I have an interesting problem.
I have a very large (larger than 300MB, more than 10,000,000 lines/rows in the file) CSV file with time series data points inside. Every month I get a new CSV file that is almost the same as the previous file, except for a few new lines have been added and/or removed and perhaps a couple of lines have been modified.
I want to use Python to compare the 2 files and identify which lines have been added, removed and modified.

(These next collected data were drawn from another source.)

theorem theorem1p1:
  fixes M :: "'a quad \<Rightarrow> triple" and d :: "'a \<Rightarrow> 'a \<Rightarrow> ennreal"
  assumes "\<exists>x y z :: 'a. distinct [x, y, z]"
    and "moebius_space M"
    and "quasi_metric d"
    and "induces d M"
  shows "(\<forall>l::real. l > 0 \<longrightarrow> dimH (\<lambda>x y. ennreal l * d x y) = dimH d)
       \<and> (\<forall>p0. p0 \<notin> infpts d \<longrightarrow> dimH (involution d p0) = dimH d)
       \<and> (\<forall>d'. quasi_metric d' \<and> induces d' M \<longrightarrow> dimH d' = dimH d)
       \<and> (\<forall>(M' :: 'b quad \<Rightarrow> triple) (f :: 'a \<Rightarrow> 'b) (d' :: 'b \<Rightarrow> 'b \<Rightarrow> ennreal).
            (\<exists>x y z :: 'b. distinct [x, y, z]) \<and> moebius_space M' \<and> moebius_equiv f M M'
            \<and> quasi_metric d' \<and> induces d' M' \<longrightarrow> dimH d' = dimH d)"
proof -
  note three = assms(1)
  have invariance: "dimH d' = dimH d" if "quasi_metric d'" "induces d' M" for d'
    using dimH_eq_if_induce_same[OF assms(3) that(1) three assms(4) that(2)] by simp
  have "dimH d' = dimH d"
    if "moebius_equiv f M M'" "quasi_metric d'" "induces d' M'"
    for M' :: "'b quad \<Rightarrow> triple" and f :: "'a \<Rightarrow> 'b" and d'
  proof -
    have "bij f" using that(1) unfolding moebius_equiv_def by blast
    have "dimH d' = dimH (\<lambda>x y. d' (f x) (f y))" by (rule dimH_pullback[OF \<open>bij f\<close>, symmetric])
    also have "\<dots> = dimH d"
      by (rule invariance[OF quasi_metric_pullback[OF \<open>bij f\<close> that(2)] induces_pullback[OF that(1,3)]])
    finally show ?thesis .
  qed
  then show ?thesis using dimH_scale[OF assms(3) three] dimH_involution[OF assms(3) three] invariance
    by blast
qed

The issue is that the file is very large, so I need a solution that can handle the large file size and execute efficiently within a reasonable time, the faster the better.
Example of what a file and its new file might look like:
Old file
A,2008-01-01,23
A,2008-02-01,45
B,2008-01-01,56
B,2008-02-01,60
C,2008-01-01,3
C,2008-02-01,7
C,2008-03-01,9
etc...
New file
A,2008-01-01,23
A,2008-02-01,45
A,2008-03-01,67
(added)
B,2008-01-01,56
B,2008-03-01,33
(removed and added)
C,2008-01-01,3
C,2008-02-01,7
C,2008-03-01,22
(modified)
etc...
Basically the 2 files can be seen as matrices that need to be compared, and I have begun thinking of using PyTable. Any ideas on how to solve this problem would be greatly appreciated.